Segment Start: Dataset extract

text \<open>Schwarz's theorem: the second difference quotient is symmetric in the two directions,
  and by the mean value theorem it approximates both mixed partials, which are continuous.\<close>
lemma pd_commute:
  fixes f :: "real^'n::finite \<Rightarrow> real"
  assumes U: "open U" and f: "smooth_on U f" and x: "x \<in> U"
  shows "pd a (pd b f) x = pd b (pd a f) x"
proof (rule ccontr)
  assume ne: "pd a (pd b f) x \<noteq> pd b (pd a f) x"
  let ?q1 = "pd b (pd a f)" and ?q2 = "pd a (pd b f)"
  define \<epsilon> where "\<epsilon> = \<bar>?q1 x - ?q2 x\<bar> / 2"
  have ep: "\<epsilon> > 0" using ne unfolding \<epsilon>_def by auto
  have "isCont ?q1 x" "isCont ?q2 x"
    using smooth_differentiable[OF U smooth_pd[OF smooth_pd[OF f]] x]
      differentiable_imp_continuous_within by blast+
  then obtain d1 d2 where d1: "d1 > 0" "\<And>y. dist y x < d1 \<Longrightarrow> dist (?q1 y) (?q1 x) < \<epsilon>"
    and d2: "d2 > 0" "\<And>y. dist y x < d2 \<Longrightarrow> dist (?q2 y) (?q2 x) < \<epsilon>"
    using ep unfolding continuous_at_eps_delta by metis
  obtain r where r: "r > 0" "ball x r \<subseteq> U" using U x open_contains_ball by blast
  define h where "h = min r (min d1 d2) / 4"
  have h: "h > 0" "2 * h < r" "2 * h < d1" "2 * h < d2" using r d1 d2 unfolding h_def by auto
  have nrm: "norm (s *\<^sub>R axis i 1 + t *\<^sub>R axis j 1 :: real^'n) \<le> 2 * h"
    if "0 \<le> s" "s \<le> h" "0 \<le> t" "t \<le> h" for s t i j
  proof -
    have "norm (s *\<^sub>R axis i 1 + t *\<^sub>R axis j 1 :: real^'n)
        \<le> norm (s *\<^sub>R axis i 1 :: real^'n) + norm (t *\<^sub>R axis j 1 :: real^'n)"
      by (rule norm_triangle_ineq)
    also have "\<dots> = \<bar>s\<bar> + \<bar>t\<bar>" by simp
    finally show ?thesis using that by simp
  qed
  have ball_step: "x + v \<in> U" if "norm v < r" for v :: "real^'n"
    using that r by (auto simp: dist_norm)
  have sub: "x + (s *\<^sub>R axis i 1 + t *\<^sub>R axis j 1) \<in> U"
    if "0 \<le> s" "s \<le> h" "0 \<le> t" "t \<le> h" for s t i j
    using ball_step nrm[OF that, of i j] h(2) by force
  obtain s1 t1 where st1: "0 < s1" "s1 < h" "0 < t1" "t1 < h"
    and E1: "f (x + (h *\<^sub>R axis a 1 + h *\<^sub>R axis b 1)) - f (x + h *\<^sub>R axis a 1)
         - f (x + h *\<^sub>R axis b 1) + f x = h * (h * ?q1 (x + (s1 *\<^sub>R axis a 1 + t1 *\<^sub>R axis b 1)))"
    using second_difference_mvt[OF U f h(1) sub] by blast
  obtain s2 t2 where st2: "0 < s2" "s2 < h" "0 < t2" "t2 < h"
    and E2: "f (x + (h *\<^sub>R axis b 1 + h *\<^sub>R axis a 1)) - f (x + h *\<^sub>R axis b 1)
         - f (x + h *\<^sub>R axis a 1) + f x = h * (h * ?q2 (x + (s2 *\<^sub>R axis b 1 + t2 *\<^sub>R axis a 1)))"
    using second_difference_mvt[OF U f h(1) sub, of b a] by blast
  have eq: "?q1 (x + (s1 *\<^sub>R axis a 1 + t1 *\<^sub>R axis b 1)) = ?q2 (x + (s2 *\<^sub>R axis b 1 + t2 *\<^sub>R axis a 1))"
    using E1 E2 h by (simp add: algebra_simps)
  have "dist (x + (s1 *\<^sub>R axis a 1 + t1 *\<^sub>R axis b 1)) x < d1"
    "dist (x + (s2 *\<^sub>R axis b 1 + t2 *\<^sub>R axis a 1)) x < d2"
    using nrm[of s1 t1 a b] nrm[of s2 t2 b a] st1 st2 h by (auto simp: dist_norm)
  then have "\<bar>?q1 (x + (s1 *\<^sub>R axis a 1 + t1 *\<^sub>R axis b 1)) - ?q1 x\<bar> < \<epsilon>"
       "\<bar>?q2 (x + (s2 *\<^sub>R axis b 1 + t2 *\<^sub>R axis a 1)) - ?q2 x\<bar> < \<epsilon>"
    using d1 d2 by (auto simp: dist_real_def)
  moreover have "\<bar>u - L1\<bar> < \<bar>L1 - L2\<bar> / 2 \<Longrightarrow> \<bar>w - L2\<bar> < \<bar>L1 - L2\<bar> / 2 \<Longrightarrow> u \<noteq> w"
    for u w L1 L2 :: real
    by (simp add: abs_if split: if_split_asm)
  ultimately show False using eq unfolding \<epsilon>_def by blast
qed

section \<open>Smoothness of the metric quantities\<close>

lemma rm_open: "riemannian_metric U g \<Longrightarrow> open U"
  unfolding riemannian_metric_def by blast

lemma rm_smooth: "riemannian_metric U g \<Longrightarrow> smooth_on U (\<lambda>y. g y i j)"
  unfolding riemannian_metric_def by blast

lemma rm_sym: "riemannian_metric U g \<Longrightarrow> y \<in> U \<Longrightarrow> g y i j = g y j i"
  unfolding riemannian_metric_def by blast

text \<open>A positive definite matrix has trivial kernel, hence nonzero determinant.\<close>
lemma metric_det_nonzero:
  fixes g :: "real^'n::finite \<Rightarrow> 'n \<Rightarrow> 'n \<Rightarrow> real"
  assumes rm: "riemannian_metric U g" and y: "y \<in> U"
  shows "det (\<chi> k l. g y k l) \<noteq> 0"
proof -
  let ?G = "(\<chi> k l. g y k l) :: real^'n^'n"
  have ker: "v = 0" if "?G *v v = 0" for v
  proof (rule ccontr)
    assume "v \<noteq> 0"
    then have "(\<Sum>i\<in>UNIV. \<Sum>j\<in>UNIV. g y i j * v$i * v$j) > 0"
      using rm y unfolding riemannian_metric_def by blast
    moreover have "(\<Sum>i\<in>UNIV. \<Sum>j\<in>UNIV. g y i j * v$i * v$j) = (\<Sum>i\<in>UNIV. v$i * (?G *v v)$i)"
      by (simp add: matrix_vector_mult_def sum_distrib_left algebra_simps)
    ultimately show False using that by simp
  qed
  have "inj ((*v) ?G)"
  proof (rule injI)
    fix u w assume "?G *v u = ?G *v w"
    then have "?G *v (u - w) = 0" by (simp add: matrix_vector_mult_diff_distrib)
    then show "u = w" using ker[of "u - w"] by simp
  qed
  then show ?thesis using det_nz_iff_inj[of "(*v) ?G"] by simp
qed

Segment End: Dataset extract

Task directions: Transcribe all of the records exactly.

Exercise solution:
text \<open>Schwarz's theorem: the second difference quotient is symmetric in the two directions,
  and by the mean value theorem it approximates both mixed partials, which are continuous.\<close>
lemma pd_commute:
  fixes f :: "real^'n::finite \<Rightarrow> real"
  assumes U: "open U" and f: "smooth_on U f" and x: "x \<in> U"
  shows "pd a (pd b f) x = pd b (pd a f) x"
proof (rule ccontr)
  assume ne: "pd a (pd b f) x \<noteq> pd b (pd a f) x"
  let ?q1 = "pd b (pd a f)" and ?q2 = "pd a (pd b f)"
  define \<epsilon> where "\<epsilon> = \<bar>?q1 x - ?q2 x\<bar> / 2"
  have ep: "\<epsilon> > 0" using ne unfolding \<epsilon>_def by auto
  have "isCont ?q1 x" "isCont ?q2 x"
    using smooth_differentiable[OF U smooth_pd[OF smooth_pd[OF f]] x]
      differentiable_imp_continuous_within by blast+
  then obtain d1 d2 where d1: "d1 > 0" "\<And>y. dist y x < d1 \<Longrightarrow> dist (?q1 y) (?q1 x) < \<epsilon>"
    and d2: "d2 > 0" "\<And>y. dist y x < d2 \<Longrightarrow> dist (?q2 y) (?q2 x) < \<epsilon>"
    using ep unfolding continuous_at_eps_delta by metis
  obtain r where r: "r > 0" "ball x r \<subseteq> U" using U x open_contains_ball by blast
  define h where "h = min r (min d1 d2) / 4"
  have h: "h > 0" "2 * h < r" "2 * h < d1" "2 * h < d2" using r d1 d2 unfolding h_def by auto
  have nrm: "norm (s *\<^sub>R axis i 1 + t *\<^sub>R axis j 1 :: real^'n) \<le> 2 * h"
    if "0 \<le> s" "s \<le> h" "0 \<le> t" "t \<le> h" for s t i j
  proof -
    have "norm (s *\<^sub>R axis i 1 + t *\<^sub>R axis j 1 :: real^'n)
        \<le> norm (s *\<^sub>R axis i 1 :: real^'n) + norm (t *\<^sub>R axis j 1 :: real^'n)"
      by (rule norm_triangle_ineq)
    also have "\<dots> = \<bar>s\<bar> + \<bar>t\<bar>" by simp
    finally show ?thesis using that by simp
  qed
  have ball_step: "x + v \<in> U" if "norm v < r" for v :: "real^'n"
    using that r by (auto simp: dist_norm)
  have sub: "x + (s *\<^sub>R axis i 1 + t *\<^sub>R axis j 1) \<in> U"
    if "0 \<le> s" "s \<le> h" "0 \<le> t" "t \<le> h" for s t i j
    using ball_step nrm[OF that, of i j] h(2) by force
  obtain s1 t1 where st1: "0 < s1" "s1 < h" "0 < t1" "t1 < h"
    and E1: "f (x + (h *\<^sub>R axis a 1 + h *\<^sub>R axis b 1)) - f (x + h *\<^sub>R axis a 1)
         - f (x + h *\<^sub>R axis b 1) + f x = h * (h * ?q1 (x + (s1 *\<^sub>R axis a 1 + t1 *\<^sub>R axis b 1)))"
    using second_difference_mvt[OF U f h(1) sub] by blast
  obtain s2 t2 where st2: "0 < s2" "s2 < h" "0 < t2" "t2 < h"
    and E2: "f (x + (h *\<^sub>R axis b 1 + h *\<^sub>R axis a 1)) - f (x + h *\<^sub>R axis b 1)
         - f (x + h *\<^sub>R axis a 1) + f x = h * (h * ?q2 (x + (s2 *\<^sub>R axis b 1 + t2 *\<^sub>R axis a 1)))"
    using second_difference_mvt[OF U f h(1) sub, of b a] by blast
  have eq: "?q1 (x + (s1 *\<^sub>R axis a 1 + t1 *\<^sub>R axis b 1)) = ?q2 (x + (s2 *\<^sub>R axis b 1 + t2 *\<^sub>R axis a 1))"
    using E1 E2 h by (simp add: algebra_simps)
  have "dist (x + (s1 *\<^sub>R axis a 1 + t1 *\<^sub>R axis b 1)) x < d1"
    "dist (x + (s2 *\<^sub>R axis b 1 + t2 *\<^sub>R axis a 1)) x < d2"
    using nrm[of s1 t1 a b] nrm[of s2 t2 b a] st1 st2 h by (auto simp: dist_norm)
  then have "\<bar>?q1 (x + (s1 *\<^sub>R axis a 1 + t1 *\<^sub>R axis b 1)) - ?q1 x\<bar> < \<epsilon>"
       "\<bar>?q2 (x + (s2 *\<^sub>R axis b 1 + t2 *\<^sub>R axis a 1)) - ?q2 x\<bar> < \<epsilon>"
    using d1 d2 by (auto simp: dist_real_def)
  moreover have "\<bar>u - L1\<bar> < \<bar>L1 - L2\<bar> / 2 \<Longrightarrow> \<bar>w - L2\<bar> < \<bar>L1 - L2\<bar> / 2 \<Longrightarrow> u \<noteq> w"
    for u w L1 L2 :: real
    by (simp add: abs_if split: if_split_asm)
  ultimately show False using eq unfolding \<epsilon>_def by blast
qed

section \<open>Smoothness of the metric quantities\<close>

lemma rm_open: "riemannian_metric U g \<Longrightarrow> open U"
  unfolding riemannian_metric_def by blast

lemma rm_smooth: "riemannian_metric U g \<Longrightarrow> smooth_on U (\<lambda>y. g y i j)"
  unfolding riemannian_metric_def by blast

lemma rm_sym: "riemannian_metric U g \<Longrightarrow> y \<in> U \<Longrightarrow> g y i j = g y j i"
  unfolding riemannian_metric_def by blast

text \<open>A positive definite matrix has trivial kernel, hence nonzero determinant.\<close>
lemma metric_det_nonzero:
  fixes g :: "real^'n::finite \<Rightarrow> 'n \<Rightarrow> 'n \<Rightarrow> real"
  assumes rm: "riemannian_metric U g" and y: "y \<in> U"
  shows "det (\<chi> k l. g y k l) \<noteq> 0"
proof -
  let ?G = "(\<chi> k l. g y k l) :: real^'n^'n"
  have ker: "v = 0" if "?G *v v = 0" for v
  proof (rule ccontr)
    assume "v \<noteq> 0"
    then have "(\<Sum>i\<in>UNIV. \<Sum>j\<in>UNIV. g y i j * v$i * v$j) > 0"
      using rm y unfolding riemannian_metric_def by blast
    moreover have "(\<Sum>i\<in>UNIV. \<Sum>j\<in>UNIV. g y i j * v$i * v$j) = (\<Sum>i\<in>UNIV. v$i * (?G *v v)$i)"
      by (simp add: matrix_vector_mult_def sum_distrib_left algebra_simps)
    ultimately show False using that by simp
  qed
  have "inj ((*v) ?G)"
  proof (rule injI)
    fix u w assume "?G *v u = ?G *v w"
    then have "?G *v (u - w) = 0" by (simp add: matrix_vector_mult_diff_distrib)
    then show "u = w" using ker[of "u - w"] by simp
  qed
  then show ?thesis using det_nz_iff_inj[of "(*v) ?G"] by simp
qed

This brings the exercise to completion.